The use of constraints
inside the placement
attribute make sure that these two services will be deployed only to node with manager-1
as is hostname.
The reason is that these two containers can't be replicated without adjustments, and the best way is to have them on the same node.
Deploying the stack
Inside /root/appwrite
run this command.
export $(grep -v '^#' .env | xargs) && docker stack config -c docker-compose.yml
This command will go over all the .env
variables and will add them to the local environment.
Then, run
docker stack deploy -c docker-compose.yml appwrite
This command will use the docker-compose.yml
file to deploy stack named appwrite
In case you're changing any of the value inside these two files, you can run these two commands again, Docker Swarm will know you're just updating the settings.
To explore the deployed services, you can use these commands.
# Show all services
docker services ls
# Get service logs
docker services logs SERVICE_NAME
# Get service containers details and node placement
docker services ps SERVICE_NAME
Load balancer
If you try to access any IP of those services, Docker Swarm will use Traefik to navigate you to Appwrite.
To take advantage of that, create a Load Balancer and add all the swarm nodes as a target.
Upgrade
Upgrading is separated to two steps.
1. Update the image version
Edit the image version inside your docker-compose.yml
file, for example:
image: appwrite/appwrite:1.3.7
image: appwrite/appwrite:1.3.8
Then run the deployment commands
2. Migrate
In case there's a need to migrate the database, run this command in any of your nodes
docker ps
This command will return the local container names, search for the main appwrite
container, it should be named something like this appwrite_appwrite.1.a3faf3e
.
Then run this command replacing appwrite_appwrite.1.a3faf3e
with the local appwrite
container.
docker compose exec appwrite_appwrite.1.a3faf3e migrate
Backup & Restore
These instructions are for backup and restoring the Swarm
data.
Backup
In any manager node run
# Stop Docker to prevent discrepancy
systemctl stop docker
# Backup the swarm folder (using zip)
zip -r swarm.zip /var/lib/docker/swarm
# Start Docker back again
systemctl start docker
Restore
Create a new manager node, then run:
# Stop docker
systemctl stop docker
# Delete the newly created Swarm data
rm -rf /var/lib/docker/swarm
# Restore from previous backup
unzip swarm.zip -d /var/lib/docker/
# Start docker
systemctl start docker
# Force using the restored cluster.
docker swarm init --force-new-cluster
Recover from losing the quorum
In case you can't bring up the majority of the managers, you can run this command form a working manager node.

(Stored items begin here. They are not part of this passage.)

definition semiframe :: "'x set \<Rightarrow> ('x \<Rightarrow> 'x \<Rightarrow> bool) \<Rightarrow> ('x \<Rightarrow> 'x \<Rightarrow> bool) \<Rightarrow> bool" where
  "semiframe X le cm \<longleftrightarrow> complete_join_semilattice X le \<and>
     (\<forall>x\<in>X. \<forall>y\<in>X. cm x y \<longleftrightarrow> cm y x) \<and>
     (\<forall>x\<in>X. x \<noteq> sjoin X le {} \<longrightarrow> cm x x) \<and>
     (\<forall>x\<in>X. \<forall>Y. Y \<subseteq> X \<longrightarrow> (cm x (sjoin X le Y) \<longleftrightarrow> (\<exists>y\<in>Y. cm x y)))"

definition points :: "'x set \<Rightarrow> ('x \<Rightarrow> 'x \<Rightarrow> bool) \<Rightarrow> ('x \<Rightarrow> 'x \<Rightarrow> bool) \<Rightarrow> 'x set set" where
  "points X le cm = {F. F \<subseteq> X \<and> F \<noteq> {} \<and>
     (\<forall>x\<in>F. \<forall>y\<in>X. le x y \<longrightarrow> y \<in> F) \<and>
     (\<forall>x\<in>F. \<forall>y\<in>F. cm x y) \<and>
     (\<forall>Y. Y \<subseteq> X \<longrightarrow> sjoin X le Y \<in> F \<longrightarrow> (\<exists>y\<in>Y. y \<in> F))}"

definition opp :: "'x set \<Rightarrow> ('x \<Rightarrow> 'x \<Rightarrow> bool) \<Rightarrow> ('x \<Rightarrow> 'x \<Rightarrow> bool) \<Rightarrow> 'x \<Rightarrow> 'x set set" where
  "opp X le cm x = {F \<in> points X le cm. x \<in> F}"

text \<open>the opens of St(X,le,cm); its points are points X le cm\<close>
definition st_opens :: "'x set \<Rightarrow> ('x \<Rightarrow> 'x \<Rightarrow> bool) \<Rightarrow> ('x \<Rightarrow> 'x \<Rightarrow> bool) \<Rightarrow> 'x set set set" where
  "st_opens X le cm = opp X le cm ` X"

docker swarm init --force-new-cluster --advertise-addr 10.0.0.1:2377
Replace 10.0.0.1
with node IP
This special command will remove all other managers and make the current node as the leader
. All services and workers will get attached to that node. As for managers, you'll need to reconnect them to the new leader.
Benchmarks
Go to Benchmarks to see how Appwrite is handling request when scaling horizontally using Swarm.
Ansible
In the book repo in the swarm folder, you'll find ansible file for automating all the Swarm installation process.
You'll need to set just the servers IP and run
ansible-playbook appwrite.yml --ask-vault-pass
I love it!
Pocket size instructions
# Step-by-step summary, checklist style.
1. Create a decentralized **server** contains databases & storage drivers.
2. Create **server**
1. Create swap file
2. Install docker
3. Mount the decentralized server `share` folder
4. Create a *snapshot* and name it `swap_plus_docker`
5. Init Swarm
6. Add the `swarm` and `swarm-manager` tags to the server.
3. Create another 2 **servers** using the `swap_plus_docker` snapshot.
1. Connect to the Swarm as manager
2. Add the `swarm` and `swarm-manager` tags to the server.
4. Create 5 more **servers** using the `swap_plus_docker`.
1. Connect as worker
2. Add the `swarm` and `swarm-worker` tags to the server.
5. Create `docker-compose.yml` using the Swarm `docker-compose.yml` file
6. Create `.env` file using the Swarm `.env` file
7. Update, set and backup the `.env` environment variables.
8. Run `export $(grep -v '^#' .env | xargs) && docker stack config -c docker-compose.yml`
9. Run `docker stack deploy -c docker-compose.yml appwrite`
10. Create a **Load-balancer** and make balanced through all the `swarm` tagged-servers.
# 🚀 Your Swarm has been deployed